§ Your goal
State, as a single number, how many lines in the data below contain "cong".

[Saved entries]
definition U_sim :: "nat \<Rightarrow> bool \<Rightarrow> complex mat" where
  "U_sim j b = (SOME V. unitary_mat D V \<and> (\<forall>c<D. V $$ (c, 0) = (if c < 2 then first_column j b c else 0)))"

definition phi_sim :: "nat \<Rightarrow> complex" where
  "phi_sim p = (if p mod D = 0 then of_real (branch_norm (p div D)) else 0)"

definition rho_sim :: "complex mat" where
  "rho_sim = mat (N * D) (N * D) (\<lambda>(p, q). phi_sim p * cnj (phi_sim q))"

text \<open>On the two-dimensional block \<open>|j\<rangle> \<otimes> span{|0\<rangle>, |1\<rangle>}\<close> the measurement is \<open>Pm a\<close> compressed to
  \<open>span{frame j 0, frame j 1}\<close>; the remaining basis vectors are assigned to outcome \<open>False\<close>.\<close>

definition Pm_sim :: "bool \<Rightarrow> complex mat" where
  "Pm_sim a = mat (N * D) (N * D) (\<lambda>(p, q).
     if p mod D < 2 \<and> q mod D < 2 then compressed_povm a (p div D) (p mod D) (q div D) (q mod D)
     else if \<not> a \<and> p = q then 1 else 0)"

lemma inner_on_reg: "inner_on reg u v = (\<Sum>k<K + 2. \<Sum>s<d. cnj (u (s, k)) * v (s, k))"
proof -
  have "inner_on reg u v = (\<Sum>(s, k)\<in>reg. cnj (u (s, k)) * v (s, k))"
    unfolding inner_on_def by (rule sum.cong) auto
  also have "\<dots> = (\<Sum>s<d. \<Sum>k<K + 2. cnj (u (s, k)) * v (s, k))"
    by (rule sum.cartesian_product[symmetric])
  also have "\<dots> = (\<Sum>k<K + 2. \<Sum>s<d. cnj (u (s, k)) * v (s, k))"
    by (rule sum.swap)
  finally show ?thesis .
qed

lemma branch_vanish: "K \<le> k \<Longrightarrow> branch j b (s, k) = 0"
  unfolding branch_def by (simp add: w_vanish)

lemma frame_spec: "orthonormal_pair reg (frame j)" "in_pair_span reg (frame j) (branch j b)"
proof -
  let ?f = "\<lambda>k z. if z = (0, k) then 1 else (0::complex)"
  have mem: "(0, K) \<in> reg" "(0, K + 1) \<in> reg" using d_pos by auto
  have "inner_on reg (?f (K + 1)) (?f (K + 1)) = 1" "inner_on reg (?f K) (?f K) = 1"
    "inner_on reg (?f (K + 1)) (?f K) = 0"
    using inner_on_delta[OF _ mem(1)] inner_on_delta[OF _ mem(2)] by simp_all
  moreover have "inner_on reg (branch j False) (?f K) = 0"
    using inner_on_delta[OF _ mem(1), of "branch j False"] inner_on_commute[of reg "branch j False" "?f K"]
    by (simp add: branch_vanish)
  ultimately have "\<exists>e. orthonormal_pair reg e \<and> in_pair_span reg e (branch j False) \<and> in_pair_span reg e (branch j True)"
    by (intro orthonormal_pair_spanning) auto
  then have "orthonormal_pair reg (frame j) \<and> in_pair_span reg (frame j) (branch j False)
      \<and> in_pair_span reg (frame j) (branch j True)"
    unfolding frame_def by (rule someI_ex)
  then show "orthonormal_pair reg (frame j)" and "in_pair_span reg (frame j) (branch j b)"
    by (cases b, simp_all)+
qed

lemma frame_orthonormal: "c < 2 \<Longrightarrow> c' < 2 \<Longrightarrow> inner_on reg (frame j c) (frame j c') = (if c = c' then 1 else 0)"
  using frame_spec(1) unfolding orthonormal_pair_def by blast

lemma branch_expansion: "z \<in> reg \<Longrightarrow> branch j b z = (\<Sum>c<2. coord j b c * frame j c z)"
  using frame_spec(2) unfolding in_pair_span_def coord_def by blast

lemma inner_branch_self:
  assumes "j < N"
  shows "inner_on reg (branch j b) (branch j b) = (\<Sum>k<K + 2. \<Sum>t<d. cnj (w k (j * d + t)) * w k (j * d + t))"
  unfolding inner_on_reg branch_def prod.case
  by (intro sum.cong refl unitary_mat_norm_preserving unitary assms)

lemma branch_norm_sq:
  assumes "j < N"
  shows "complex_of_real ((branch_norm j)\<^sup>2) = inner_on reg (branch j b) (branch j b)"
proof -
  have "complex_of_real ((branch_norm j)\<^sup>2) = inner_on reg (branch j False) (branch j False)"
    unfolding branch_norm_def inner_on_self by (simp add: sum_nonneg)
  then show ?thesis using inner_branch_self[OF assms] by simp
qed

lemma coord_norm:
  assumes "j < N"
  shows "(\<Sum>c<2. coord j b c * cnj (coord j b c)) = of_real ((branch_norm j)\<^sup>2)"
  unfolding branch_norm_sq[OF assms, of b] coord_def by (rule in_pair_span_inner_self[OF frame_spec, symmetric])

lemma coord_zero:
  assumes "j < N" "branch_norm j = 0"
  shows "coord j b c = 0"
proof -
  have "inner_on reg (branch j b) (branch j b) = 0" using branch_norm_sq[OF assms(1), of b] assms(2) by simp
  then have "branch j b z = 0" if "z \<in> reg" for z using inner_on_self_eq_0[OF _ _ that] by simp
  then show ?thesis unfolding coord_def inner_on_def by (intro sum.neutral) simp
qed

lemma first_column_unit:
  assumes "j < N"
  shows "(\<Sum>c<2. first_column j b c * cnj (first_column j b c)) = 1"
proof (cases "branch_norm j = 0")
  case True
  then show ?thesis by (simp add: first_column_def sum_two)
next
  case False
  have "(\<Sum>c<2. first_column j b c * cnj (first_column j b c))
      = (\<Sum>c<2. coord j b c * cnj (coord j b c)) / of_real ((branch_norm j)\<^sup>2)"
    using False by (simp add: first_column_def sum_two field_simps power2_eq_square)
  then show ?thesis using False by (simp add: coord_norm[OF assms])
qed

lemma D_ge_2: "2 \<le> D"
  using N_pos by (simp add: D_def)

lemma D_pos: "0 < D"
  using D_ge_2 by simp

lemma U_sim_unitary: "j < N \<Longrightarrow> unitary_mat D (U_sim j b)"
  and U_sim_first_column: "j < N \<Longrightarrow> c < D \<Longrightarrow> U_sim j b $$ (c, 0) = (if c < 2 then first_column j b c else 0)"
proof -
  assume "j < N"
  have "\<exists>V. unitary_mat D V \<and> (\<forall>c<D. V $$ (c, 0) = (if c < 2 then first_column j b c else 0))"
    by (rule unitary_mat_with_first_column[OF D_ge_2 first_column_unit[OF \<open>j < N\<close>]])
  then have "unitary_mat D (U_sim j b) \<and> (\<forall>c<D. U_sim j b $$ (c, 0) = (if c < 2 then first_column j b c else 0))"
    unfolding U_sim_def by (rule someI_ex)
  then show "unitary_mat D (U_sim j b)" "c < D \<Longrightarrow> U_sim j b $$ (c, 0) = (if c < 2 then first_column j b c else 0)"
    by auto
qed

§ Task result
2